Ve daha pek çok zayıf nokta söz konusu: Yeni tehditlere ilişkin içgörü eksikliği, liderlikle koordinasyon eksikliği, karşı istihbarat zaafları ve kurumların çoğunun ihtiyaç temelli geniş perspektifli reform ve yenileme planları yerine kriz sonrasında oluşturuluyor yani ihtiyaç temelli değil kriz odaklı sistemin oluşturuluyor olması, bunlardan birkaçı.

Ve tüm bu sorunlara karşın en üst düzeyde reformlara yönelik irade eksikliği söz konusu.

Tekrarlanan başarısızlıklar daha derin ve sistemsel bir başarısızlığa işaret ediyor olsa da hükümet tarafından veya kanat yetkililerinin en üst düzeyinden herhangi bir derin katılım olmaması nedeni ile zemin gerçekliği aynı kalıyor.

Aslında Hindistan tam anlamıyla istihbarat örgütlerini diğer rutin bürokratik örgütler gibi yönetme eğilimindedir.
Devlet istihbarat kuruluşları istihbarat aygıtındaki en zayıf halkayı oluşturur.

Tamamen polis tarafından yönetilirler, düşük moral ve bilgi, beceri ve kaynak eksikliğinden muzdaripler.

Genel olarak devlet polis departmanlarındaki istihbarat görevlendirmeleri ceza görevlendirmeleri olarak kabul edilir.

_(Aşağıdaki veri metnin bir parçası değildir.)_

(* Let $n\ge 2$, $q>0$, and let $A\in M_n(\mathbb{C})$ satisfy $\operatorname{tr}A=0$ and $\operatorname{rank}A=1$. Then for all $B\in M_n(\mathbb{C})$, $$\|AB-qBA\|_F^2\le (1+q^2)\,\|A\|_F^2\,\|B\|_F^2 .$$
   Context: $\|X\|_F=\sqrt{\operatorname{tr}(XX^\dagger)}$ denotes the Frobenius norm. *)

theory Defs
  imports "HOL-Analysis.Analysis"
begin

definition conj_transpose :: "complex^'n^'m \<Rightarrow> complex^'m^'n" where
  "conj_transpose X = transpose (map_matrix cnj X)"

text \<open>Frobenius norm: sqrt of tr(X X^dagger) (which is a nonnegative real).\<close>
definition frob_norm :: "complex^'n^'n \<Rightarrow> real" where
  "frob_norm X = sqrt (Re (trace (X ** conj_transpose X)))"

end

(*
  A rank-one matrix is an outer product A = c v\<^sup>T, and trace A = 0 says v\<^sup>T c = 0.
  Then AB - qBA = c a\<^sup>T - q b v\<^sup>T with a\<^sup>T = v\<^sup>T B and b = B c, so
  \<parallel>AB - qBA\<parallel>\<^sup>2 = \<parallel>c\<parallel>\<^sup>2\<parallel>a\<parallel>\<^sup>2 + q\<^sup>2\<parallel>v\<parallel>\<^sup>2\<parallel>b\<parallel>\<^sup>2 - 2q Re(\<langle>c,b\<rangle>\<langle>a,v\<rangle>).
  The orthogonality of c and conj v (and of conj c and v) lets Bessel's inequality, applied to the
  columns (rows) of B, bound \<parallel>a\<parallel>\<^sup>2 (\<parallel>b\<parallel>\<^sup>2) with a slack given by the complementary Bessel
  coefficients; by Cauchy-Schwarz and AM-GM this slack absorbs the cross term.
*)

theory Submission
  imports Defs
begin

definition herm_inner :: "('n::finite \<Rightarrow> complex) \<Rightarrow> ('n \<Rightarrow> complex) \<Rightarrow> complex" where
  "herm_inner f g = (\<Sum>j\<in>UNIV. f j * cnj (g j))"

definition sq_norm :: "('n::finite \<Rightarrow> complex) \<Rightarrow> real" where
  "sq_norm f = (\<Sum>j\<in>UNIV. (cmod (f j))\<^sup>2)"

lemma herm_inner_commute: "herm_inner g f = cnj (herm_inner f g)"
  by (simp add: herm_inner_def mult.commute)

lemma herm_inner_diff_left:
  "herm_inner (\<lambda>j. a * f j - b * g j) h = a * herm_inner f h - b * herm_inner g h"
  by (simp add: herm_inner_def sum_subtractf sum_distrib_left algebra_simps)

lemma herm_inner_mult_right: "herm_inner f (\<lambda>j. a * g j) = cnj a * herm_inner f g"
  by (simp add: herm_inner_def sum_distrib_left algebra_simps)

lemma herm_inner_swap:
  "herm_inner (\<lambda>j. herm_inner (\<lambda>i. M i j) x) y = herm_inner (\<lambda>i. herm_inner (\<lambda>j. M i j) y) x"
  unfolding herm_inner_def sum_distrib_right by (subst sum.swap) (simp add: mult_ac)

lemma sq_norm_nonneg: "0 \<le> sq_norm f"
  by (simp add: sq_norm_def sum_nonneg)

lemma sq_norm_eq_0_iff: "sq_norm f = 0 \<longleftrightarrow> (\<forall>j. f j = 0)"
  by (simp add: sq_norm_def sum_nonneg_eq_0_iff)

lemma sq_norm_mult: "sq_norm (\<lambda>j. a * f j) = (cmod a)\<^sup>2 * sq_norm f"
  by (simp add: sq_norm_def norm_mult power_mult_distrib sum_distrib_left)

lemma sq_norm_cnj: "sq_norm (\<lambda>j. cnj (f j)) = sq_norm f"
  by (simp add: sq_norm_def)

lemma sq_norm_diff:
  "sq_norm (\<lambda>j. a * f j - b * g j)
     = (cmod a)\<^sup>2 * sq_norm f + (cmod b)\<^sup>2 * sq_norm g - 2 * Re (a * cnj b * herm_inner f g)"
proof -
  have cmod_diff: "(cmod (z - w))\<^sup>2 = (cmod z)\<^sup>2 + (cmod w)\<^sup>2 - 2 * Re (z * cnj w)" for z w :: complex
    unfolding cmod_power2 by (simp add: power2_eq_square algebra_simps)
  have "sq_norm (\<lambda>j. a * f j - b * g j)
      = (\<Sum>j\<in>UNIV. (cmod a)\<^sup>2 * (cmod (f j))\<^sup>2 + (cmod b)\<^sup>2 * (cmod (g j))\<^sup>2
                      - 2 * Re (a * cnj b * (f j * cnj (g j))))"
    unfolding sq_norm_def cmod_diff by (simp add: norm_mult power_mult_distrib mult_ac)
  also have "\<dots> = (cmod a)\<^sup>2 * sq_norm f + (cmod b)\<^sup>2 * sq_norm g
      - 2 * Re (\<Sum>j\<in>UNIV. a * cnj b * (f j * cnj (g j)))"
    by (simp add: sq_norm_def Re_sum sum_subtractf sum.distrib sum_distrib_left)
  finally show ?thesis
    by (simp add: herm_inner_def sum_distrib_left)
qed

lemma herm_inner_Cauchy_Schwarz: "(cmod (herm_inner f g))\<^sup>2 \<le> sq_norm f * sq_norm g"
proof -
  have "cmod (herm_inner f g) \<le> (\<Sum>j\<in>UNIV. \<bar>cmod (f j)\<bar> * \<bar>cmod (g j)\<bar>)"
    unfolding herm_inner_def using norm_sum[of "\<lambda>j. f j * cnj (g j)" UNIV] by (simp add: norm_mult)
  also have "\<dots> \<le> L2_set (\<lambda>j. cmod (f j)) UNIV * L2_set (\<lambda>j. cmod (g j)) UNIV"
    by (rule L2_set_mult_ineq)
  also have "\<dots> = sqrt (sq_norm f * sq_norm g)"
    by (simp add: L2_set_def sq_norm_def real_sqrt_mult)
  finally have "(cmod (herm_inner f g))\<^sup>2 \<le> (sqrt (sq_norm f * sq_norm g))\<^sup>2"
    by (rule power_mono) simp
  then show ?thesis
    by (simp add: sq_norm_nonneg)
qed

lemma herm_inner_Bessel:
  assumes orth: "herm_inner u w = 0"
  shows "sq_norm w * (cmod (herm_inner r u))\<^sup>2 + sq_norm u * (cmod (herm_inner r w))\<^sup>2
           \<le> sq_norm u * sq_norm w * sq_norm r"
proof (cases "sq_norm u = 0")
  case True
  then have "herm_inner r u = 0"
    by (simp add: herm_inner_def sq_norm_eq_0_iff)
  with True show ?thesis by simp
next
  case False
  txt \<open>Remove from r its component along u, then apply Cauchy-Schwarz to the rest against w.\<close>
  define U where "U = sq_norm u"
  define \<alpha> where "\<alpha> = herm_inner r u"
  have U_pos: "U > 0"
    using False sq_norm_nonneg[of u] by (simp add: U_def)
  define r' where "r' = (\<lambda>j. 1 * r j - (\<alpha> / of_real U) * u j)"
  have "sq_norm r' = sq_norm r - (cmod \<alpha>)\<^sup>2 / U"
  proof -
    have "Re (cnj (\<alpha> / of_real U) * \<alpha>) = (cmod \<alpha>)\<^sup>2 / U"
      unfolding cmod_power2 by (simp add: power2_eq_square)
    then show ?thesis
      using U_pos unfolding r'_def sq_norm_diff
      by (simp add: U_def \<alpha>_def norm_divide power_divide power2_eq_square)
  qed
  moreover have "herm_inner r' w = herm_inner r w"
    unfolding r'_def herm_inner_diff_left using orth by simp
  ultimately have "(cmod (herm_inner r w))\<^sup>2 \<le> (sq_norm r - (cmod \<alpha>)\<^sup>2 / U) * sq_norm w"
    using herm_inner_Cauchy_Schwarz[of r' w] by simp
  then have "U * (cmod (herm_inner r w))\<^sup>2 \<le> U * ((sq_norm r - (cmod \<alpha>)\<^sup>2 / U) * sq_norm w)"
    using U_pos by simp
  also have "\<dots> = U * sq_norm w * sq_norm r - sq_norm w * (cmod \<alpha>)\<^sup>2"
    using U_pos by (simp add: field_simps)
  finally show ?thesis
    by (simp add: U_def \<alpha>_def)
qed

lemma sum_herm_inner_Bessel:
  assumes "herm_inner u w = 0"
  shows "sq_norm w * sq_norm (\<lambda>i. herm_inner (R i) u) + sq_norm u * sq_norm (\<lambda>i. herm_inner (R i) w)
         \<le> sq_norm u * sq_norm w * (\<Sum>i\<in>UNIV. sq_norm (R i))"
  using sum_mono[of UNIV, OF herm_inner_Bessel[OF assms, of "R _"]]
  by (simp add: sq_norm_def[of "\<lambda>i. herm_inner (R i) _"] sum.distrib sum_distrib_left)

lemma two_mult_le_add_if_square_le_mult:
  fixes s x y :: real
  assumes "s\<^sup>2 \<le> x * y" "0 \<le> x" "0 \<le> y"
  shows "2 * s \<le> x + y"
proof (rule power2_le_imp_le)
  have "0 \<le> (x - y)\<^sup>2" by simp
  with assms(1) show "(2 * s)\<^sup>2 \<le> (x + y)\<^sup>2"
    by (simp add: power2_eq_square algebra_simps)
  show "0 \<le> x + y" using assms by simp
qed

lemma neg_mult_Re_le_add:
  fixes u :: complex and q x y :: real
  assumes "(cmod u)\<^sup>2 \<le> x * y" "0 \<le> x" "0 \<le> y"
  shows "- (2 * q * Re u) \<le> x + q\<^sup>2 * y"
proof -
  have "- (q * Re u) \<le> \<bar>q\<bar> * \<bar>Re u\<bar>"
    by (metis abs_ge_minus_self abs_mult)
  also have "\<dots> \<le> \<bar>q\<bar> * cmod u"
    by (rule mult_left_mono[OF abs_Re_le_cmod]) simp
  finally have "- (2 * q * Re u) \<le> 2 * (\<bar>q\<bar> * cmod u)"
    by simp
  also have "\<dots> \<le> x + q\<^sup>2 * y"
  proof (rule two_mult_le_add_if_square_le_mult)
    show "(\<bar>q\<bar> * cmod u)\<^sup>2 \<le> x * (q\<^sup>2 * y)"
      using mult_left_mono[OF assms(1), of "q\<^sup>2"] by (simp add: power_mult_distrib mult_ac)
  qed (use assms in simp_all)
  finally show ?thesis .
qed

lemma frob_norm_square: "(frob_norm X)\<^sup>2 = (\<Sum>i\<in>UNIV. sq_norm (\<lambda>j. X$i$j))"
proof -
  have "trace (X ** conj_transpose X) = of_real (\<Sum>i\<in>UNIV. sq_norm (\<lambda>j. X$i$j))"
    by (simp add: trace_def matrix_matrix_mult_def conj_transpose_def transpose_def map_matrix_def
        sq_norm_def of_real_sum flip: complex_norm_square)
  then show ?thesis
    by (simp add: frob_norm_def sum_nonneg sq_norm_nonneg)
qed

lemma rank_one_outer_product:
  fixes A :: "'a::field^'n^'m"
  assumes "rank A = 1"
  obtains c v where "\<And>i j. A$i$j = c i * v j"
proof -
  have "vec.dim (rows A) = 1"
    using assms by (simp add: row_rank_def_gen)
  then obtain Bs where "rows A \<subseteq> vec.span Bs" "card Bs = 1"
    using vec.basis_exists[of "rows A"] by metis
  then obtain v where "rows A \<subseteq> vec.span {v}"
    using card_1_singletonE by metis
  then have "\<exists>k. row i A = k *s v" for i
    using vec.span_singleton[of v] by (auto simp: rows_def)
  then obtain c where "\<And>i. row i A = c i *s v"
    by metis
  then have "A$i$j = c i * v $ j" for i j
    by (metis row_def vec_lambda_eta vector_smult_component)
  then show ?thesis
    using that by blast
qed

lemma sum_sq_norm_diff_outer:
  "(\<Sum>i\<in>UNIV. sq_norm (\<lambda>j. x i * f j - y i * g j))
     = sq_norm x * sq_norm f + sq_norm y * sq_norm g - 2 * Re (herm_inner x y * herm_inner f g)"
proof -
  have "(\<Sum>i\<in>UNIV. Re (x i * cnj (y i) * herm_inner f g)) = Re (herm_inner x y * herm_inner f g)"
    by (simp add: herm_inner_def[of x y] sum_distrib_right Re_sum)
  then show ?thesis
    unfolding sq_norm_diff sum_subtractf sum.distrib sum_distrib_left[symmetric]
      sum_distrib_right[symmetric] sq_norm_def[of x, symmetric] sq_norm_def[of y, symmetric]
    by simp
qed

lemma frob_norm_outer_commutator_square:
  fixes A B :: "complex^'n^'n" and c v :: "'n \<Rightarrow> complex" and q :: real
  assumes A: "\<And>i j. A$i$j = c i * v j"
  defines "a \<equiv> \<lambda>j. \<Sum>i\<in>UNIV. v i * B$i$j" and "b \<equiv> \<lambda>i. \<Sum>j\<in>UNIV. B$i$j * c j"
  shows "(frob_norm (A ** B - q *\<^sub>R (B ** A)))\<^sup>2
           = sq_norm c * sq_norm a + q\<^sup>2 * (sq_norm v * sq_norm b) - 2 * q * Re (herm_inner c b * herm_inner a v)"
proof -
  have entries: "(A ** B - q *\<^sub>R (B ** A))$i$j = c i * a j - (of_real q * b i) * v j" for i j
    unfolding vector_minus_component vector_scaleR_component
    by (simp add: matrix_matrix_mult_def A a_def b_def sum_distrib_left
        sum_distrib_right scaleR_conv_of_real algebra_simps)
  show ?thesis
    unfolding frob_norm_square entries sum_sq_norm_diff_outer
    by (simp add: sq_norm_mult herm_inner_mult_right mult.assoc mult.left_commute)
qed

lemma frob_norm_outer_commutator_le:
  fixes A B :: "complex^'n^'n" and c v :: "'n \<Rightarrow> complex" and q :: real
  assumes A: "\<And>i j. A$i$j = c i * v j"
    and trace_zero: "(\<Sum>i\<in>UNIV. c i * v i) = 0"
  shows "(frob_norm (A ** B - q *\<^sub>R (B ** A)))\<^sup>2
           \<le> (1 + q\<^sup>2) * (frob_norm A)\<^sup>2 * (frob_norm B)\<^sup>2"
proof -
  define a where "a = (\<lambda>j. \<Sum>i\<in>UNIV. v i * B$i$j)"
  define b where "b = (\<lambda>i. \<Sum>j\<in>UNIV. B$i$j * c j)"
  txt \<open>The Bessel coefficients complementary to a and b; they bound the cross term.\<close>
  define d where "d = (\<lambda>j. herm_inner (\<lambda>i. B$i$j) c)"
  define p where "p = (\<lambda>i. herm_inner (\<lambda>j. B$i$j) v)"
  define C where "C = sq_norm c"
  define V where "V = sq_norm v"
  define N where "N = (frob_norm B)\<^sup>2"
  have expand: "(frob_norm (A ** B - q *\<^sub>R (B ** A)))\<^sup>2
      = C * sq_norm a + q\<^sup>2 * (V * sq_norm b) - 2 * q * Re (herm_inner c b * herm_inner a v)"
    unfolding a_def b_def C_def V_def by (rule frob_norm_outer_commutator_square[OF A])
  have a_eq: "a = (\<lambda>j. herm_inner (\<lambda>i. B$i$j) (\<lambda>i. cnj (v i)))"
    by (simp add: a_def herm_inner_def mult.commute)
  have b_eq: "b = (\<lambda>i. herm_inner (\<lambda>j. B$i$j) (\<lambda>j. cnj (c j)))"
    by (simp add: b_def herm_inner_def)
  have frob_A: "(frob_norm A)\<^sup>2 = C * V"
    by (simp add: frob_norm_square A sq_norm_mult C_def V_def sq_norm_def[of c] sum_distrib_right)
  have "herm_inner (\<lambda>j. cnj (c j)) v = cnj (\<Sum>i\<in>UNIV. c i * v i)"
    by (simp add: herm_inner_def)
  then have rows: "V * sq_norm b + C * sq_norm p \<le> C * V * N"
    using sum_herm_inner_Bessel[where u = "\<lambda>j. cnj (c j)" and w = v and R = "\<lambda>i j. B$i$j"] trace_zero
    by (simp add: sq_norm_cnj frob_norm_square b_eq p_def C_def V_def N_def)
  have "herm_inner c (\<lambda>j. cnj (v j)) = (\<Sum>i\<in>UNIV. c i * v i)"
    by (simp add: herm_inner_def)
  moreover have "N = (\<Sum>j\<in>UNIV. sq_norm (\<lambda>i. B$i$j))"
    unfolding N_def frob_norm_square sq_norm_def by (rule sum.swap)
  ultimately have cols: "V * sq_norm d + C * sq_norm a \<le> C * V * N"
    using sum_herm_inner_Bessel[where u = c and w = "\<lambda>j. cnj (v j)" and R = "\<lambda>j i. B$i$j"] trace_zero
    by (simp add: sq_norm_cnj a_eq d_def C_def V_def)
  have "herm_inner c b = cnj (herm_inner d (\<lambda>j. cnj (c j)))"
    using herm_inner_swap[of "\<lambda>i j. B$i$j" c "\<lambda>j. cnj (c j)"]
    by (simp add: herm_inner_commute[of c] b_eq d_def)
  then have cs_cb: "(cmod (herm_inner c b))\<^sup>2 \<le> sq_norm d * C"
    using herm_inner_Cauchy_Schwarz[of d "\<lambda>j. cnj (c j)"] by (simp add: sq_norm_cnj C_def)
  have "herm_inner a v = herm_inner p (\<lambda>j. cnj (v j))"
    using herm_inner_swap[of "\<lambda>i j. B$i$j" "\<lambda>j. cnj (v j)" v] by (simp add: a_eq p_def)
  then have cs_av: "(cmod (herm_inner a v))\<^sup>2 \<le> sq_norm p * V"
    using herm_inner_Cauchy_Schwarz[of p "\<lambda>j. cnj (v j)"] by (simp add: sq_norm_cnj V_def)
  have "(cmod (herm_inner c b * herm_inner a v))\<^sup>2 \<le> (sq_norm d * C) * (sq_norm p * V)"
    unfolding norm_mult power_mult_distrib
    by (rule mult_mono[OF cs_cb cs_av]) (simp_all add: C_def sq_norm_nonneg)
  then have "- (2 * q * Re (herm_inner c b * herm_inner a v)) \<le> V * sq_norm d + q\<^sup>2 * (C * sq_norm p)"
    by (intro neg_mult_Re_le_add) (simp_all add: C_def V_def sq_norm_nonneg mult_ac)
  moreover have "q\<^sup>2 * (V * sq_norm b) \<le> q\<^sup>2 * (C * V * N - C * sq_norm p)"
    using rows by (simp add: mult_left_mono)
  ultimately show ?thesis
    using cols unfolding expand frob_A N_def[symmetric] by (simp add: algebra_simps)
qed

theorem mainTheorem8:
  fixes A B :: "complex^'n^'n" and q :: real
  assumes "CARD('n) \<ge> 2"
    and "q > 0"
    and "trace A = 0"
    and "rank A = 1"
  shows "(frob_norm (A ** B - q *\<^sub>R (B ** A)))\<^sup>2
           \<le> (1 + q\<^sup>2) * (frob_norm A)\<^sup>2 * (frob_norm B)\<^sup>2"
proof -
  obtain c v where A: "\<And>i j. A$i$j = c i * v j"
    using rank_one_outer_product[OF assms(4)] by blast
  have "(\<Sum>i\<in>UNIV. c i * v i) = 0"
    using assms(3) by (simp add: trace_def A)
  with A show ?thesis
    by (rule frob_norm_outer_commutator_le)
qed

end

Ve Hindistan için en büyük istihbarat sorunu, Çin’in giderek artan saldırgan davranışlarından sonra ortaya çıktı.

Şu ana kadar çoğunlukla Pakistan’a odaklandı, taktiksel bir istihbarat oluşturdu ve bunun sonucunda Çin ihmal edildi.

Dil engeli, Çin devletinin opak doğası ve kültürel ortaklığın olmayışı Hindistan için çok büyük zorluklar yaratıyor.

Ancak Çin’in istihbarat operasyonları uzun süren anlatı savaşları olduğundan ve taktik casusluğun çok ötesine geçtiğinden, Hindistan’ın Çin sorununa çözüm bulmak için istihbarat mekanizmasını ve yaklaşımını elden geçirmesi gerekiyor.

Düşük performans gösteren istihbarat kabiliyetleri ve tehditleri zamanında tespit etme konusunda düzensiz bir geçmiş, Hindistan’ın en büyük zorlukları arasında yer alıyor.

Ve Hindistan’daki istihbarat reformları için ilk zorluk, kurumlar için uygun bir yasal temel sağlamak iken ikinci zorluk, istihbarat alımını sistemleştirmek olacaktır ve üçüncü zorluk ise yürütme, yasama ve mali alanları kapsayan bir denetim yapısı tasarlamaktır.

***

Ulusal güvenlik konusunda sert veya kararlı bir duruş sergilemek söz konusu olunca, istihbarat servislerinin kalitesi başarının anahtarını elinde tutar.

İstihbarat girdileri politikayı şekillendirmede önemli bir rol oynar.

Yeterli istihbarat toplama ve operasyonel kapasite olmadan sert duruş mümkün değildir.

Bu işte mucize yoktur.

Kaliteli istihbaratı garanti altına almak için yapısal reform yapılmadığı takdirde, ulusal güvenlik konusundaki sert duruş yalnızca bir klişe olarak kalır.

Hindistan 4 yıl önce genelkurmay başkanlığı ofisini kurarak askeri reformlara doğru kendi adına ilk cesur adımı attı.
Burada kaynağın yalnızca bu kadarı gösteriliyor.